**Brief:** Every line below that contains the word "auto" must be copied.

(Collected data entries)
────────────────

lemma lagrange_fps_equation:
  fixes x y :: "'a::idom"
  shows "(1 - lagrange_fps x y) * product_fps x y = fps_deriv (lagrange_fps x y)"
proof -
  have ring_identity: "(1 - X * ((1 - a) * (1 - b)) * (ga * gb)) * (g1 - a * ga - b * gb + a * b * gab)
      = (1 - a) * (1 - b) * (ga * gb + X * (ga * (b * gb ^ 2) + a * ga ^ 2 * gb))"
    if "(1 - a * X) * ga = 1" "(1 - b * X) * gb = 1" "(1 - X) * g1 = 1" "(1 - a * b * X) * gab = 1"
    for X a b ga gb g1 gab :: "'a fps"
    using that by algebra
  have s: "fps_const ((1 - x) * (1 - y)) = (1 - fps_const x) * (1 - fps_const y)"
    by (simp flip: fps_const_mult fps_const_sub)
  have "fps_deriv (lagrange_fps x y) = fps_const ((1 - x) * (1 - y)) * (geometric_fps x * geometric_fps y + fps_X *
      (geometric_fps x * (fps_const y * geometric_fps y ^ 2) + fps_const x * geometric_fps x ^ 2 * geometric_fps y))"
    by (simp add: lagrange_fps_def fps_deriv_geometric_fps algebra_simps)
  moreover have "(1 - lagrange_fps x y) * product_fps x y = fps_const ((1 - x) * (1 - y)) *
      (geometric_fps x * geometric_fps y + fps_X *
      (geometric_fps x * (fps_const y * geometric_fps y ^ 2) + fps_const x * geometric_fps x ^ 2 * geometric_fps y))"
    unfolding lagrange_fps_def product_fps_def s unfolding fps_const_mult[symmetric]
    by (rule ring_identity)
      (simp_all only: geometric_fps_inverse fps_const_mult geometric_fps_inverse[of 1, simplified])
  ultimately show ?thesis
    by simp
qed

lemma fps_nth_of_deriv_equation:
  fixes W \<Phi> :: "'a::field_char_0 fps"
  assumes equation: "(1 - W) * \<Phi> = fps_deriv W" and "W = fps_X * H" and "N \<noteq> 0"
  shows "\<Phi> $ (N - 1) = (\<Sum>p<N. of_nat N / of_nat (Suc p) * (W ^ Suc p) $ N)"
proof -
  have "(\<Sum>p<N. W ^ p * fps_deriv W) = (\<Sum>p<N. W ^ p) * ((1 - W) * \<Phi>)"
    by (simp only: equation sum_distrib_right)
  also have "\<dots> = (1 - W ^ N) * \<Phi>"
    by (simp only: one_diff_power_eq mult_ac)
  also have "\<dots> = \<Phi> - W ^ N * \<Phi>"
    by (simp add: algebra_simps)
  finally have "\<Phi> $ (N - 1) = (\<Sum>p<N. W ^ p * fps_deriv W) $ (N - 1) + (W ^ N * \<Phi>) $ (N - 1)"
    by simp
  also have "(W ^ N * \<Phi>) $ (N - 1) = 0"
    using \<open>N \<noteq> 0\<close> by (simp add: \<open>W = fps_X * H\<close> power_mult_distrib mult.assoc fps_X_power_mult_nth)
  also have "of_nat (Suc p) * (W ^ p * fps_deriv W) $ (N - 1) = of_nat N * (W ^ Suc p) $ N" for p
  proof -
    have "fps_deriv (W ^ Suc p) = fps_const (of_nat (Suc p)) * (W ^ p * fps_deriv W)"
      by (subst fps_deriv_power) (simp only: diff_Suc_1 mult.assoc mult.commute[of "fps_deriv W"])
    then have "of_nat (Suc p) * (W ^ p * fps_deriv W) $ (N - 1) = fps_deriv (W ^ Suc p) $ (N - 1)"
      by (simp only: fps_mult_left_const_nth)
    also have "\<dots> = of_nat N * (W ^ Suc p) $ N"
      using \<open>N \<noteq> 0\<close> by (simp only: fps_deriv_nth) simp
    finally show ?thesis .
  qed
  then have "(\<Sum>p<N. W ^ p * fps_deriv W) $ (N - 1) = (\<Sum>p<N. of_nat N / of_nat (Suc p) * (W ^ Suc p) $ N)"
    unfolding fps_sum_nth by (intro sum.cong refl) (simp add: field_simps del: of_nat_Suc)
  finally show ?thesis
    by simp
qed

lemma one_minus_power_product_expansion:
  fixes x y :: "'a::field_char_0"
  shows "(1 - x ^ N) * (1 - y ^ N) =
    (\<Sum>k<N. of_nat N / of_nat (N - k) * ((1 - x) * (1 - y)) ^ (N - k) * expansion_coeff x y N k)"
proof (cases "N = 0")
  case False
  have "(1 - x ^ N) * (1 - y ^ N) = product_fps x y $ (N - 1)"
    using False by (simp add: product_fps_nth)
  also have "\<dots> = (\<Sum>p<N. of_nat N / of_nat (Suc p) * (lagrange_fps x y ^ Suc p) $ N)"
    using False by (intro fps_nth_of_deriv_equation lagrange_fps_equation) (simp_all add: lagrange_fps_def mult.assoc)
  also have "\<dots> = (\<Sum>k<N. of_nat N / of_nat (N - k) * (lagrange_fps x y ^ (N - k)) $ N)"
    by (subst sum.nat_diff_reindex[symmetric]) (simp add: Suc_diff_Suc)
  finally show ?thesis
    by (simp add: lagrange_fps_power_nth mult.assoc)
qed simp

section \<open>The coefficient identity\<close>

text \<open>For u = q^(n+1), u^k * step_diff q u (m + 1 - k) is the increment of the k-th summand
  of the right-hand side of the theorem; see step_diff_shift.\<close>

definition step_diff :: "'a::comm_ring_1 \<Rightarrow> 'a \<Rightarrow> nat \<Rightarrow> 'a" where
  "step_diff q u j = ((1 - u) * (1 - q * u)) ^ j - ((1 - u) * (q - u)) ^ j"

lemma expansion_at_u_qu:
  fixes q u :: "'a::field_char_0"
  shows "(1 - u ^ N) * (1 - (q * u) ^ N) =
    (\<Sum>k<N. of_nat N / of_nat (N - k) * ((1 - u) * (1 - q * u)) ^ (N - k) * (u ^ k * expansion_coeff 1 q N k))"
  using one_minus_power_product_expansion[where x = u and y = "u * q"] expansion_coeff_homogeneous[of u 1 q N]
  by (simp add: ac_simps)

lemma expansion_at_u_div_q:
  fixes q u :: "'a::field_char_0"
  assumes "q \<noteq> 0"
  shows "(1 - u ^ N) * (q ^ N - u ^ N) =
    (\<Sum>k<N. of_nat N / of_nat (N - k) * ((1 - u) * (q - u)) ^ (N - k) * (u ^ k * expansion_coeff 1 q N k))"
proof -
  have "(1 - u ^ N) * (q ^ N - u ^ N) = q ^ N * ((1 - (u / q) ^ N) * (1 - u ^ N))"
    using assms by (simp add: field_simps power_divide)
  also have "\<dots> = (\<Sum>k<N. of_nat N / of_nat (N - k) *
      (q ^ (N - k) * ((1 - u / q) * (1 - u)) ^ (N - k)) * (q ^ k * expansion_coeff (u / q) u N k))"
    unfolding one_minus_power_product_expansion sum_distrib_left
    by (intro sum.cong refl) (simp add: ac_simps flip: power_add)
  also have "q * ((1 - u / q) * (1 - u)) = (1 - u) * (q - u)"
    using assms by (simp add: field_simps)
  moreover have "q ^ k * expansion_coeff (u / q) u N k = u ^ k * expansion_coeff 1 q N k" for k
    using expansion_coeff_homogeneous[of q "u / q" u N k] expansion_coeff_homogeneous[of u 1 q N k] assms
    by (simp add: ac_simps)
  ultimately show ?thesis
    by (simp only: power_mult_distrib[symmetric])
qed

lemma expansion_step_diff:
  fixes q u :: "'a::field_char_0"
  assumes "q \<noteq> 0"
  shows "(\<Sum>k<N. of_nat N / of_nat (N - k) * expansion_coeff 1 q N k * u ^ k * step_diff q u (N - k))
       = (1 - q ^ N) * (1 - u ^ (2 * N))"
proof -
  have "(\<Sum>k<N. of_nat N / of_nat (N - k) * expansion_coeff 1 q N k * u ^ k * step_diff q u (N - k))
      = (1 - u ^ N) * (1 - (q * u) ^ N) - (1 - u ^ N) * (q ^ N - u ^ N)"
    unfolding expansion_at_u_qu expansion_at_u_div_q[OF assms]
    by (simp add: step_diff_def sum_subtractf[symmetric] algebra_simps)
  also have "\<dots> = (1 - q ^ N) * (1 - u ^ (2 * N))"
    by (simp add: algebra_simps power_mult_distrib power_mult power2_eq_square)
  finally show ?thesis .
qed

lemma sum_antisymmetric_coeffs:
  fixes f :: "nat \<Rightarrow> 'a::comm_ring_1"
  assumes antisym: "\<And>l. l \<le> m \<Longrightarrow> f (2 * m + 2 - l) = - f l" and middle: "f (m + 1) = 0"
  shows "(\<Sum>i=0..2*m+2. f i * u ^ i) = (\<Sum>l=0..m. f l * (u ^ l - u ^ (2 * m + 2 - l)))"
proof -
  have "(\<Sum>i=0..2*m+2. f i * u ^ i) = (\<Sum>i=0..m. f i * u ^ i) + (\<Sum>i=m+1..2*m+2. f i * u ^ i)"
    using sum.ub_add_nat[of 0 m "\<lambda>i. f i * u ^ i" "m + 2"] by (simp add: mult_2 add.assoc)
  also have "(\<Sum>i=m+1..2*m+2. f i * u ^ i) = f (m + 1) * u ^ (m + 1) + (\<Sum>i=Suc (m+1)..2*m+2. f i * u ^ i)"
    by (rule sum.atLeast_Suc_atMost) simp
  also have "Suc (m + 1) = m + 2"
    by simp
  also have "(\<Sum>i=m+2..2*m+2. f i * u ^ i) = (\<Sum>l=0..m. f (2 * m + 2 - l) * u ^ (2 * m + 2 - l))"
    by (rule sum.reindex_bij_witness[where i="\<lambda>l. 2 * m + 2 - l" and j="\<lambda>i. 2 * m + 2 - i"]) auto
  also have "\<dots> = (\<Sum>l=0..m. - f l * u ^ (2 * m + 2 - l))"
    by (intro sum.cong refl) (metis antisym atLeastAtMost_iff mult_minus_left)
  finally show ?thesis
    using middle by (simp add: right_diff_distrib sum_subtractf sum_negf)
qed

definition ballot :: "nat \<Rightarrow> nat \<Rightarrow> 'a::comm_ring_1" where
  "ballot m l = (-1) ^ l * (of_nat (2 * m choose l) - (if 2 \<le> l then of_nat (2 * m choose (l - 2)) else 0))"

lemma ballot_antisym:
  assumes "l \<le> m"
  shows "ballot m (2 * m + 2 - l) = - ballot m l"
proof -
  have "(-1 :: 'a) ^ (2 * m + 2 - l) = (-1) ^ l"
    using assms by (simp add: minus_one_power_iff)
  moreover have "2 * m choose (2 * m + 2 - l - 2) = 2 * m choose l"
    using assms binomial_symmetric[of l "2 * m"] by (simp add: diff_diff_add)
  moreover have "2 * m choose (2 * m + 2 - l) = (if 2 \<le> l then 2 * m choose (l - 2) else 0)"
    using assms binomial_symmetric[of "l - 2" "2 * m"] by (auto simp: numeral_2_eq_2)
  ultimately show ?thesis
    using assms by (simp add: ballot_def right_diff_distrib)
qed

lemma ballot_middle: "ballot m (m + 1) = 0"
proof (cases m)
  case (Suc k)
  then have "2 * m choose (m + 1) = 2 * m choose (m + 1 - 2)"
    using binomial_symmetric[of "m + 1" "2 * m"] by simp
  then show ?thesis
    using Suc by (simp add: ballot_def)
qed (simp add: ballot_def)

lemma ballot_generating_polynomial:
  "(\<Sum>i=0..2*m+2. ballot m i * u ^ i) = (1 - u ^ 2) * (1 - u) ^ (2 * m)"
proof -
  define g :: "nat \<Rightarrow> 'a" where "g i = (-1) ^ i * of_nat (2 * m choose i)" for i
  have top: "2 * m + 2 = Suc (Suc (2 * m))" by simp
  have binomial: "(1 - u) ^ (2 * m) = (\<Sum>i=0..2*m. g i * u ^ i)"
  proof -
    have "(1 - u) ^ (2 * m) = (- u + 1) ^ (2 * m)"
      by simp
    also have "\<dots> = (\<Sum>i\<le>2*m. of_nat (2 * m choose i) * (- u) ^ i * 1 ^ (2 * m - i))"
      by (rule binomial_ring)
    finally show ?thesis
      unfolding atLeast0AtMost g_def power_minus[of u] by (simp add: ac_simps)
  qed
  have unshifted: "(\<Sum>i=0..2*m+2. g i * u ^ i) = (\<Sum>i=0..2*m. g i * u ^ i)"
    unfolding top sum.atLeast0_atMost_Suc by (simp add: g_def binomial_eq_0)
  have shifted: "(\<Sum>i=0..2*m+2. (if 2 \<le> i then g (i - 2) else 0) * u ^ i) = u ^ 2 * (\<Sum>i=0..2*m. g i * u ^ i)"
    unfolding top sum.atLeast0_atMost_Suc_shift sum_distrib_left
    by (simp add: power2_eq_square ac_simps)
  have "ballot m i = g i - (if 2 \<le> i then g (i - 2) else 0)" for i
  proof (cases "2 \<le> i")
    case True
    then have "(-1 :: 'a) ^ i = (-1) ^ (i - 2)"
      by (simp add: minus_one_power_iff)
    with True show ?thesis
      by (simp add: ballot_def g_def right_diff_distrib)
  qed (simp add: ballot_def g_def)
  then have "(\<Sum>i=0..2*m+2. ballot m i * u ^ i)
      = (\<Sum>i=0..2*m+2. g i * u ^ i) - (\<Sum>i=0..2*m+2. (if 2 \<le> i then g (i - 2) else 0) * u ^ i)"
    by (simp add: left_diff_distrib sum_subtractf)
  then show ?thesis
    by (simp only: shifted unshifted binomial left_diff_distrib mult_1_left)
qed

lemma ballot_antisymmetric_sum:
  "(\<Sum>l=0..m. ballot m l * (u ^ l - u ^ (2 * m + 2 - l))) = (1 - u ^ 2) * (1 - u) ^ (2 * m)"
  by (simp only: sum_antisymmetric_coeffs[OF ballot_antisym ballot_middle, symmetric]
                 ballot_generating_polynomial)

────────────────

**Exercise response:**
    by (rule sum.reindex_bij_witness[where i="\<lambda>l. 2 * m + 2 - l" and j="\<lambda>i. 2 * m + 2 - i"]) auto
    using assms binomial_symmetric[of "l - 2" "2 * m"] by (auto simp: numeral_2_eq_2)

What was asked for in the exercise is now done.